Services We Offer
- Lumbar Microdisectomy
- Laminectomy
- Lumbar Decompression
- Lumbar Fusion
- Cervical Decompression
- Cervical Fusion
- Spinal Fractures Fixation
- Kyphoplasty/ vertebroplasty
Lumbar Microdisectomy
Lumbar microdiscectomy is a surgery to treat a damaged disc in the lower back. It is usually recommended if symptoms are severe, getting worse, or not improving with other treatments. During this procedure, the part of the disc causing problems is removed through small, minimally invasive incisions in the lower back.
Laminectomy
Laminectomy is a surgery where the surgeon removes parts of the spine, including the lamina (small flat bones), ligaments under the lamina, and sometimes the facet joints (connections between the spine bones). This is done to reduce pressure on the spinal nerves and spinal cord and relieve pain, numbness, or discomfort.
You may need a laminectomy if you have spinal canal narrowing (spinal stenosis), a spinal tumor, or a spinal injury.
Lumbar Decompression
Lumbar decompression is a surgery that relieves pressure on the nerves in your lower back. This pressure is often caused by wear and tear in the discs, ligaments, and facet joints.
When nerves are compressed, it can cause pain in the lower back, buttocks, and legs, and in some cases, numbness, weakness in the legs, or problems with bladder or bowel function.
Decompression surgery is usually very effective in relieving these symptoms, especially in patients with lumbar spinal stenosis.
Lumbar Fusion
Lumbar fusion is a surgery in which one or more vertebrae in the lower back are stabilized and joined together. It may be recommended for conditions such as spondylolisthesis, lumbar spinal stenosis, scoliosis, herniated discs, or traumatic instability in the lower back.
Spinal fusion stops movement between the fused vertebrae and prevents the nerves in that area from being stretched, which helps relieve pain. Most lumbar fusions involve only one or two spinal segments and usually do not significantly limit the flexibility of your lower back.
Cervical Decompression
Cervical myelopathy and cervical radiculopathy can cause weakness and numbness in the arms and legs, pain or tingling that travels down one or both arms, difficulty walking, and sometimes bladder or bowel problems.
Posterior decompression: In this surgery, the cervical spine is approached from the back of the neck. The surgeon removes the lamina (a bony part of the spine) to relieve pressure on the spinal cord. A fusion is then performed using rods and screws, along with bone grafts, to stabilize the spine.

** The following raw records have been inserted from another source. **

(* Let $M$ be a non-empty subset of $\operatorname{Sym}(n,\mathbb{R})$. The following are equivalent: (i) $M$ is non-dissipative, i.e. $0$ is the only positive semidefinite element of $\operatorname{span}_{\mathbb{R}}M$; (ii) there is a positive definite matrix $Q>0$ such that $\operatorname{tr}({}^tQFQ)=0$ for every $F\in M$; (iii) there is $T\in\operatorname{GL}(n,\mathbb{R})$ such that $\operatorname{tr}({}^tTFT)=0$ for every $F\in M$. *)

theory Defs
  imports "HOL-Analysis.Analysis"
begin

definition sym_mat :: "real^'n^'n \<Rightarrow> bool" where
  "sym_mat A \<longleftrightarrow> transpose A = A"

definition pos_semidef :: "real^'n^'n \<Rightarrow> bool" where
  "pos_semidef A \<longleftrightarrow> sym_mat A \<and> (\<forall>x. 0 \<le> x \<bullet> (A *v x))"

definition pos_def :: "real^'n^'n \<Rightarrow> bool" where
  "pos_def A \<longleftrightarrow> sym_mat A \<and> (\<forall>x. x \<noteq> 0 \<longrightarrow> 0 < x \<bullet> (A *v x))"

definition non_dissipative :: "(real^'n^'n) set \<Rightarrow> bool" where
  "non_dissipative M \<longleftrightarrow> (\<forall>A\<in>span M. pos_semidef A \<longrightarrow> A = 0)"

end

theory Submission
  imports Defs
begin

Anterior decompression: In this procedure, the spine is approached from the front of the neck. The surgeon removes the herniated disc, and sometimes part of the vertebra (corpectomy), to relieve pressure on the spinal cord and nerve roots. A bone graft is used to fill the space, and a metal plate with screws is used to hold the spine in place.
Cervical Fusion
The goal of this surgery is to fuse two or more bones in the neck (cervical spine). It is commonly done to treat cervical spine fractures, dislocations, herniated discs, degenerative cervical disease, or arthritis.
During the procedure, the affected disc and any bone spurs are removed to relieve pressure on the nerves and spinal cord (decompression). The space where the disc was removed is then filled with a bone graft, implants, or both. Screws, rods, or metal plates are often used to stabilize the vertebrae while they heal and fuse together.
Spinal Fractures Fixation
This surgery is done when there is significant spine instability or spinal cord compression after a spine fracture. It involves stabilizing the spine with metal hardware such as plates, rods, hooks, screws, or cages while the bones heal and fuse together.
After surgery, rehabilitation with supervised physiotherapy is important to help restore strength, mobility, and function.
Kyphoplasty/ Vertebroplasty
These are minimally invasive procedures used to treat spinal fractures, often caused by osteoporosis.
Vertebroplasty involves injecting special bone cement into the fractured vertebra to stabilize and strengthen it.
Kyphoplasty is similar, but adds an extra step: a small balloon is inserted and inflated inside the fractured vertebra to create space. The balloon is then removed, and the cavity is filled with bone cement. This can stabilize the bone and sometimes restore some of the vertebra’s original height, reducing spinal deformity.
Both procedures are highly effective, usually have a short recovery time, and carry a low risk of complications.